5 ----- There is already a thread performing initialization work. . . . .
1 ----- over init
6. Mark reference tool class
Use it to implement CAS (compare and swap)
package com.bilibili.juc.atomics;
import java.util.concurrent.TimeUnit;
import java.util.concurrent.atomic.AtomicMarkableReference;
/**
标记引用工具类用来实现CAS
*/
public class AtomicMarkableReferenceDemo
{
static AtomicMarkableReference markableReference = new AtomicMarkableReference(100,false);
public static void main(String[] args)
{
new Thread(() -> {
boolean marked = markableReference.isMarked();
System.out.println(Thread.currentThread().getName()+"\t"+"默认标识:"+marked);
//暂停1秒钟线程(这就是为什么t2也是false),等待后面的T2线程和我拿到一样的模式flag标识,都是false
try {
TimeUnit.SECONDS.sleep(1); } catch (InterruptedException e) {
e.printStackTrace(); }
//拿到期望的标识false ,把markableReference的标识设置为true
markableReference.compareAndSet(100,1000,marked,!marked);
boolean t1marked = markableReference.isMarked();
System.out.println("t1修改后的mark:"+t1marked);
},"t1").start();
new Thread(() -> {
boolean marked = markableReference.isMarked();
System.out.println(Thread.currentThread().getName()+"\t"+"默认标识:"+marked);
try {
TimeUnit.SECONDS.sleep(2); } catch (InterruptedException e) {
e.printStackTrace(); }
boolean beforeT2Update = markableReference.isMarked();
System.out.println(Thread.currentThread().getName()+"\t"+"修改前的标识:"+marked);
//如果 markableReference 中的引用是 100 且标志位的状态与 marked 变量相同,那么它将把引用更改为 2000,并将标志位的状态取反。

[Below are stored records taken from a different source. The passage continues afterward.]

lemma integral_diff_le_tv_norm:
  fixes h :: "'a \<Rightarrow> real"
  assumes \<mu>: "prob_space \<mu>" and \<nu>: "prob_space \<nu>" and sets_eq: "sets \<nu> = sets \<mu>"
    and h: "h \<in> borel_measurable \<mu>" and bound: "\<And>x. x \<in> space \<mu> \<Longrightarrow> \<bar>h x\<bar> \<le> c"
  shows "\<bar>(\<integral>x. h x \<partial>\<mu>) - (\<integral>x. h x \<partial>\<nu>)\<bar> \<le> c * tv_norm \<mu> \<nu>"
proof -
  interpret \<mu>: prob_space \<mu> by fact
  interpret \<nu>: prob_space \<nu> by fact
  have space_eq: "space \<nu> = space \<mu>"
    using sets_eq by (rule sets_eq_imp_space_eq)
  have h_int: "integrable \<mu> h" "integrable \<nu> h"
    using h bound space_eq by (auto intro!: \<mu>.integrable_const_bound[where B=c]
        \<nu>.integrable_const_bound[where B=c] simp: measurable_cong_sets[OF sets_eq refl])
  consider "c = 0" | "c > 0"
    using bound \<mu>.not_empty by fastforce
  then show ?thesis
  proof cases
    case 1
    then have "(\<integral>x. h x \<partial>\<mu>) = 0" "(\<integral>x. h x \<partial>\<nu>) = 0"
      using bound space_eq by (auto intro!: integral_eq_zero_AE)
    then show ?thesis
      using 1 by simp
  next
    case 2
    define u where "u = (\<lambda>x. (h x + c) / (2 * c))"
    have "(\<integral>x. h x \<partial>\<mu>) - (\<integral>x. h x \<partial>\<nu>) = 2 * c * ((\<integral>x. u x \<partial>\<mu>) - (\<integral>x. u x \<partial>\<nu>))"
      using 2 h_int by (simp add: u_def \<mu>.prob_space \<nu>.prob_space field_simps)
    also have "\<bar>\<dots>\<bar> \<le> 2 * c * (tv_norm \<mu> \<nu> / 2)"
    proof -
      have "\<bar>(\<integral>x. u x \<partial>\<mu>) - (\<integral>x. u x \<partial>\<nu>)\<bar> \<le> tv_norm \<mu> \<nu> / 2"
      proof (rule integral_diff_le_half_tv_norm[OF \<mu> \<nu> sets_eq])
        show "u \<in> borel_measurable \<mu>"
          unfolding u_def using h by measurable
        show "0 \<le> u x \<and> u x \<le> 1" if "x \<in> space \<mu>" for x
          using bound[OF that] 2 by (auto simp: u_def abs_le_iff field_simps)
      qed
      then show ?thesis
        using 2 by (simp add: abs_mult)
    qed
    finally show ?thesis
      by simp
  qed
qed
(* Let $k\ge1$, let $\Gamma=\mathbb{Z}_2\,\mathrm{wr}\,\mathbb{Z}^k=\Sigma\rtimes_\alpha\mathbb{Z}^k$, let $\phi:\Gamma\to\Gamma$ be an automorphism, let $\phi'=\phi|_\Sigma$ and let $\overline{\phi}:\mathbb{Z}^k\to\mathbb{Z}^k$ be the automorphism induced on $\Gamma/\Sigma\cong\mathbb{Z}^k$. Let $x_0\in\mathbb{Z}^k$ be the element with $\phi'(\delta_0)=\delta_{x_0}$ (so that $\phi'(\delta_y)=\delta_{\overline{\phi}(y)+x_0}$ for all $y\in\mathbb{Z}^k$). If $\delta_{x_1}$ and $\delta_{x_2}$ ($x_1,x_2\in\mathbb{Z}^k$) belong to the same Reidemeister class of $\phi'$, then for some integer $t\ge0$ either $$\overline{\phi}^t(x_1)+\overline{\phi}^{t-1}(x_0)+\dots+\overline{\phi}(x_0)+x_0=x_2$$ or $$\overline{\phi}^t(x_2)+\overline{\phi}^{t-1}(x_0)+\dots+\overline{\phi}(x_0)+x_0=x_1$$ (for $t=0$ the sum of the $x_0$-terms is empty).
   Context: $\mathbb{Z}_2\,\mathrm{wr}\,\mathbb{Z}^k$ is $\Sigma\rtimes_\alpha\mathbb{Z}^k$ with $\Sigma=\bigoplus_{x\in\mathbb{Z}^k}(\mathbb{Z}_2)_{(x)}$ (finitely supported), $\delta_x$ the nontrivial element of $(\mathbb{Z}_2)_{(x)}$, and $\alpha(y)(\delta_x)=\delta_{y+x}$. $\Sigma$ is characteristic (the torsion subgroup), so $\phi$ restricts to $\phi'$ on $\Sigma$ and induces $\overline\phi$ on the quotient $\mathbb{Z}^k$; $\phi'$ maps each $\delta_0$ to a single $\delta_{x_0}$. Reidemeister classes of an automorphism $\psi$ of a group $G$ are the classes of the relation $g\sim hg\psi(h^{-1})$. *)

theory Defs
  imports "HOL-Algebra.Group" "HOL-Analysis.Finite_Cartesian_Product"
begin

text \<open>The lamplighter group Z_2 wr Z^k, realised concretely: an element (S, a) consists of
  a finite set S of lattice points (the element of Sigma = sum of delta_x for x in S, with
  symmetric difference as the group law) and a point a of Z^k.  Multiplication is the
  semidirect product law (S,a)(T,b) = (S + alpha(a)(T), a + b), where alpha(a) translates
  by a.  The dimension k is the cardinality of the finite index type 'n (so k >= 1).\<close>

definition lamplighter :: "((int ^ 'n::finite) set \<times> (int ^ 'n)) monoid" where
  "lamplighter =
     \<lparr> carrier = {p. finite (fst p)},
       mult = (\<lambda>p q. ((fst p - (\<lambda>x. snd p + x) ` fst q) \<union> ((\<lambda>x. snd p + x) ` fst q - fst p),
                        snd p + snd q)),
       one = ({}, 0) \<rparr>"
lemma pos_definite_coercive:
  fixes A :: "real^'n::finite^'n"
  assumes "pos_definite A"
  obtains l where "l > 0" "\<And>x. l * (norm x)\<^sup>2 \<le> x \<bullet> (A *v x)"
proof -
  have "continuous_on (sphere 0 1) (\<lambda>x::real^'n. x \<bullet> (A *v x))"
    by (intro continuous_intros)
  moreover have "sphere (0::real^'n) 1 \<noteq> {}"
    by simp
  ultimately obtain u where u: "u \<in> sphere 0 1"
    and u_min: "\<And>v. v \<in> sphere 0 1 \<Longrightarrow> u \<bullet> (A *v u) \<le> v \<bullet> (A *v v)"
    using continuous_attains_inf[OF compact_sphere] by blast
  have "u \<noteq> 0"
    using u by auto
  then have pos: "u \<bullet> (A *v u) > 0"
    using assms by (simp add: pos_definite_def)
  have "u \<bullet> (A *v u) * (norm x)\<^sup>2 \<le> x \<bullet> (A *v x)" for x
  proof (cases "x = 0")
    case False
    define v where "v = (1 / norm x) *\<^sub>R x"
    have "x = norm x *\<^sub>R v"
      using False by (simp add: v_def)
    then have "x \<bullet> (A *v x) = (norm x)\<^sup>2 * (v \<bullet> (A *v v))"
      by (metis quadratic_form_scaleR)
    moreover have "u \<bullet> (A *v u) \<le> v \<bullet> (A *v v)"
      using False by (intro u_min) (simp add: v_def)
    ultimately show ?thesis
      by (metis mult.commute mult_right_mono zero_le_power2)
  qed simp
  with pos that show ?thesis by blast
qed

lemma quadratic_form_parallelogram:
  fixes A :: "real^'n::finite^'n"
  shows "(u + v) \<bullet> (A *v (u + v)) + (u - v) \<bullet> (A *v (u - v)) = 2 * (u \<bullet> (A *v u)) + 2 * (v \<bullet> (A *v v))"
  by (simp add: matrix_vector_right_distrib matrix_vector_mult_diff_distrib
      inner_add_left inner_add_right inner_diff_left inner_diff_right)

section \<open>The log-barrier problem\<close>

definition barrier_objective :: "real^'n::finite^'n \<Rightarrow> real \<Rightarrow> real^'n \<Rightarrow> real" where
  "barrier_objective A \<kappa> y = (1/2) * (y \<bullet> (A *v y)) - \<kappa> * (\<Sum>i\<in>UNIV. ln (y $ i))"

lemma barrier_objective_ge_separable:
  fixes A :: "real^'n::finite^'n"
  assumes "\<And>x. l * (norm x)\<^sup>2 \<le> x \<bullet> (A *v x)"
  shows "(\<Sum>i\<in>UNIV. l/2 * (y $ i)\<^sup>2 - \<kappa> * ln (y $ i)) \<le> barrier_objective A \<kappa> y"
proof -
  have "(norm y)\<^sup>2 = (\<Sum>i\<in>UNIV. (y $ i)\<^sup>2)"
    unfolding power2_norm_eq_inner inner_vec_def by (simp add: power2_eq_square)
  then have "(\<Sum>i\<in>UNIV. l/2 * (y $ i)\<^sup>2) = l/2 * (norm y)\<^sup>2"
    by (simp add: sum_distrib_left)
  then show ?thesis
    using assms[of y] by (simp add: barrier_objective_def sum_subtractf sum_distrib_left)
qed

lemma barrier_term_lower_bound:
  fixes l \<kappa> s :: real
  assumes "l > 0" "\<kappa> \<ge> 0" "s > 0"
  shows "\<kappa> - \<kappa>\<^sup>2 / (2 * l) \<le> l/2 * s\<^sup>2 - \<kappa> * ln s"
proof -
  have "0 \<le> l/2 * (s - \<kappa> / l)\<^sup>2"
    using assms by simp
  also have "\<dots> = l/2 * s\<^sup>2 - \<kappa> * s + \<kappa>\<^sup>2 / (2 * l)"
    using assms by (simp add: power2_eq_square field_simps)
  finally show ?thesis
    using mult_left_mono[OF ln_le_minus_one[OF \<open>s > 0\<close>] \<open>\<kappa> \<ge> 0\<close>]
    by (simp add: algebra_simps)
qed

lemma barrier_term_coercive:
  fixes l \<kappa> M :: real
  assumes "l > 0" "\<kappa> > 0"
  obtains a b where "0 < a" "a \<le> 1" "1 \<le> b"
    "\<And>s. 0 < s \<Longrightarrow> s < a \<or> b < s \<Longrightarrow> M < l/2 * s\<^sup>2 - \<kappa> * ln s"
proof -
  have "filterlim (\<lambda>s. l/2 * s\<^sup>2 - \<kappa> * ln s) at_top (at_right 0)"
    using assms by real_asymp
  then have "eventually (\<lambda>s. M < l/2 * s\<^sup>2 - \<kappa> * ln s) (at_right 0)"
    by (simp add: filterlim_at_top_dense)
  then obtain a where "0 < a" and a: "\<And>s. 0 < s \<Longrightarrow> s < a \<Longrightarrow> M < l/2 * s\<^sup>2 - \<kappa> * ln s"
    by (auto simp: eventually_at_right_field)
  have "filterlim (\<lambda>s. l/2 * s\<^sup>2 - \<kappa> * ln s) at_top at_top"
    using assms by real_asymp
  then have "eventually (\<lambda>s. M < l/2 * s\<^sup>2 - \<kappa> * ln s) at_top"
    by (simp add: filterlim_at_top_dense)
  then obtain b where b: "\<And>s. b \<le> s \<Longrightarrow> M < l/2 * s\<^sup>2 - \<kappa> * ln s"
    by (auto simp: eventually_at_top_linorder)
  show ?thesis
    by (rule that[of "min a 1" "max b 1"]) (use \<open>0 < a\<close> a b in auto)
qed

lemma barrier_objective_outside_box:
  fixes A :: "real^'n::finite^'n"
  assumes A: "pos_definite A" and \<kappa>: "\<kappa> > 0"
  obtains a b where "0 < a" "a \<le> 1" "1 \<le> b"
    "\<And>y. y \<in> pos_orthant \<Longrightarrow> \<not> (\<forall>i. a \<le> y $ i \<and> y $ i \<le> b)
      \<Longrightarrow> barrier_objective A \<kappa> 1 < barrier_objective A \<kappa> y"
proof -
  obtain l where l: "l > 0" and coercive: "\<And>x. l * (norm x)\<^sup>2 \<le> x \<bullet> (A *v x)"
    using pos_definite_coercive[OF A] by blast
  define h where "h s = l/2 * s\<^sup>2 - \<kappa> * ln s" for s
  \<comment> \<open>h is bounded below by m on (0, \<infinity>) and blows up at both ends, so one coordinate
    outside [a, b] lifts the separable lower bound above the value at 1.\<close>
  define m where "m = \<kappa> - \<kappa>\<^sup>2 / (2 * l)"
  define M where "M = barrier_objective A \<kappa> 1 - real (CARD('n) - 1) * m"
  have h_ge: "m \<le> h s" if "s > 0" for s
    unfolding h_def m_def using barrier_term_lower_bound[OF l _ that] \<kappa> by simp
  obtain a b where ab: "0 < a" "a \<le> 1" "1 \<le> b"
    and escape: "\<And>s. 0 < s \<Longrightarrow> s < a \<or> b < s \<Longrightarrow> M < h s"
    using barrier_term_coercive[OF l \<kappa>, of M] unfolding h_def by blast
  show ?thesis
  proof (rule that[OF ab])
    fix y :: "real^'n"
    assume y: "y \<in> pos_orthant" and "\<not> (\<forall>i. a \<le> y $ i \<and> y $ i \<le> b)"
    then obtain i where i: "y $ i < a \<or> b < y $ i"
      by (auto simp: not_le)
    have pos: "0 < y $ j" for j
      using y by (simp add: pos_orthant_def)
    have "real (CARD('n) - 1) * m \<le> (\<Sum>j\<in>UNIV - {i}. h (y $ j))"
      using sum_bounded_below[of "UNIV - {i}" m "\<lambda>j. h (y $ j)"] h_ge pos
      by (simp add: card_Diff_singleton)
    moreover have "M < h (y $ i)"
      using escape[OF pos i] .
    moreover have "(\<Sum>j\<in>UNIV. h (y $ j)) = h (y $ i) + (\<Sum>j\<in>UNIV - {i}. h (y $ j))"
      by (simp add: sum.remove)
    moreover have "(\<Sum>j\<in>UNIV. h (y $ j)) \<le> barrier_objective A \<kappa> y"
      unfolding h_def by (rule barrier_objective_ge_separable[OF coercive])
    ultimately show "barrier_objective A \<kappa> 1 < barrier_objective A \<kappa> y"
      unfolding M_def by linarith
  qed
qed
(* Let $p>1$, $N\ge m$, and fix $\eta>0$. For almost all $(A,y)\in\mathbb R^{m\times N}\times\mathbb R^m$ such that $y\in R(A)$ and $\eta<\min_{Ax=y}\|x\|_p$, the unique optimal solution $x^*$ of $\min_{x\in\mathbb R^N}\|Ax-y\|_2$ subject to $\|x\|_p\le\eta$ satisfies $|\mathrm{supp}(x^* )|=N$.
   Context: $\|x\|_p:=(\sum_i|x_i|^p)^{1/p}$; $\mathrm{supp}(x)=\{i:x_i\ne0\}$; $R(A)$ is the range of $A$. "For almost all" means outside a set of Lebesgue measure zero. *)

theory Defs
  imports "HOL-Analysis.Analysis"
begin

definition pnorm :: "real \<Rightarrow> real ^ 'n \<Rightarrow> real" where
  "pnorm p x = (\<Sum>i\<in>UNIV. \<bar>x $ i\<bar> powr p) powr (1 / p)"

definition supp :: "real ^ 'n \<Rightarrow> 'n set" where
  "supp x = {i. x $ i \<noteq> 0}"

definition constr_opt :: "real \<Rightarrow> real \<Rightarrow> real ^ 'n ^ 'm \<Rightarrow> real ^ 'm \<Rightarrow> real ^ 'n \<Rightarrow> bool" where
  "constr_opt p \<eta> A y x \<longleftrightarrow> pnorm p x \<le> \<eta> \<and>
     (\<forall>z. pnorm p z \<le> \<eta> \<longrightarrow> norm (A *v x - y) \<le> norm (A *v z - y))"

end

theory Submission
  imports Defs
begin

text \<open>
  Put \<open>E = \<eta>\<^sup>p\<close>, so that the constraint reads \<open>psum p x = \<Sum>\<^sub>i \<bar>x\<^sub>i\<bar>\<^sup>p \<le> E\<close>. This ball is compact and
  strictly midpoint convex and the residual norm is strictly convex in \<open>A x\<close>, so the minimiser
  exists and is unique. As every solution of \<open>A x = y\<close> has \<open>\<parallel>x\<parallel>\<^sub>p > \<eta>\<close>, the minimiser lies on the
  sphere \<open>psum p x = E\<close> and has a nonzero residual \<open>r\<close>.

  If \<open>x\<^sub>i = 0\<close>, first-order optimality along the sphere in direction \<open>e\<^sub>i\<close> makes the \<open>i\<close>-th column
  \<open>a\<^sub>i\<close> of \<open>A\<close> orthogonal to \<open>r\<close>. Pick a row \<open>j\<close> with \<open>r\<^sub>j \<noteq> 0\<close>. Changing the entry \<open>A\<^sub>j\<^sub>i\<close> leaves the
  problem restricted to \<open>x\<^sub>i = 0\<close>, hence \<open>r\<close>, unchanged, but changes \<open>a\<^sub>i \<bullet> r\<close> at rate \<open>r\<^sub>j\<close>. So the
  set of such \<open>(A, y)\<close> meets every line in direction \<open>A\<^sub>j\<^sub>i\<close> at most once; being closed, it is a
  Lebesgue null set.
\<close>

section \<open>Strict convexity of \<open>\<bar>t\<bar> powr p\<close>\<close>

lemma powr_diff_mean_value:
  fixes p u v :: real
  assumes "p > 1" "0 \<le> u" "u < v"
  obtains z where "u < z" "z < v" "v powr p - u powr p = (v - u) * (p * z powr (p - 1))"
proof -
  have deriv: "DERIV (\<lambda>t. t powr p) t :> p * t powr (p - 1)" if "t > 0" for t
    using that by (rule has_real_derivative_powr)
  have "continuous_on {u..v} (\<lambda>t. t powr p)"
    using assms by (intro continuous_on_powr') (auto intro: continuous_intros)
  moreover have "(\<lambda>t. t powr p) differentiable (at t)" if "u < t" for t
    using deriv[of t] that assms real_differentiable_def by force
  ultimately obtain l z where z: "u < z" "z < v" "DERIV (\<lambda>t. t powr p) z :> l"
    "v powr p - u powr p = (v - u) * l"
    using MVT[OF assms(3)] by blast
  moreover have "l = p * z powr (p - 1)"
    using DERIV_unique[OF z(3) deriv] z assms by simp
  ultimately show ?thesis using that by blast
qed

lemma powr_midpoint_less:
  fixes p u v :: real
  assumes "p > 1" "0 \<le> u" "u < v"
  shows "((u + v) / 2) powr p < (u powr p + v powr p) / 2"
proof -
  define m where "m = (u + v) / 2"
  have m: "u < m" "m < v" "m - u = v - m"
    using assms by (auto simp: m_def field_simps)
  obtain z1 where z1: "u < z1" "z1 < m" "m powr p - u powr p = (m - u) * (p * z1 powr (p - 1))"
    using powr_diff_mean_value[OF assms(1,2) m(1)] .
  obtain z2 where z2: "m < z2" "z2 < v" "v powr p - m powr p = (v - m) * (p * z2 powr (p - 1))"
    using powr_diff_mean_value[OF assms(1) _ m(2)] m assms by auto
  have "z1 powr (p - 1) < z2 powr (p - 1)"
    using z1 z2 assms by (intro powr_less_mono2) auto
  then have "(v - m) * (p * z1 powr (p - 1)) < (v - m) * (p * z2 powr (p - 1))"
    using m assms by (intro mult_strict_left_mono) auto
  then have "m powr p - u powr p < v powr p - m powr p"
    unfolding z1(3) z2(3) m(3) .
  then show ?thesis
    by (simp add: m_def)
qed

boolean b = markableReference.compareAndSet(100, 2000, marked, !marked);
System.out.println(Thread.currentThread().getName()+"\t"+"t2线程CAS修改result: "+b);
System.out.println(Thread.currentThread().getName()+"\t"+markableReference.isMarked());
System.out.println(Thread.currentThread().getName()+"\t"+markableReference.getReference());
},"t2").start();
}
}
/**
* CAS----Unsafe----do while+ABA---AtomicStampedReference,AtomicMarkableReference
*
* AtomicStampedReference,version号,+1;
*
* AtomicMarkableReference,一次,false,true
*
*/
operation result:
t1 Default mark: false
t2 Default mark: false
t1 modified mark: true
t2 Mark before modification: false
t2 t2 thread CAS modified result: false
t2 true
t2 1000Process finished with exit code 0
7. Long type atomic operation class and custom atomic binary operation function tool class
package com.bilibili.juc.atomics;
import java.util.concurrent.atomic.LongAccumulator;
import java.util.concurrent.atomic.LongAdder;
import java.util.function.LongBinaryOperator;
/**
Long类型原子操作类 采用了一种分段的方式来处理原子操作。它将内部的数值分成多个段(Cells),每个段都有自己的原子计数。不同线程对不同的段进行增加操作,
减少了竞争,从而提高了性能。
自定义原子二元操作函数工具类:LongAccumulator
*/
public class LongAdderAPIDemo
{
public static void main(String[] args)
{
LongAdder longAdder = new LongAdder();
longAdder.increment();
longAdder.increment();
longAdder.increment();
System.out.println(longAdder.sum());
//自定义原子二元操作函数工具类
LongAccumulator longAccumulator = new LongAccumulator(new LongBinaryOperator()
{
@Override
public long applyAsLong(long left, long right)
{
return left + right;
}
},0);
longAccumulator.accumulate(1);//1
longAccumulator.accumulate(3);//4
System.out.println(longAccumulator.get());
}
}
operation result:
3
4
Okay, the above are some commonly used atomic operation tool classes.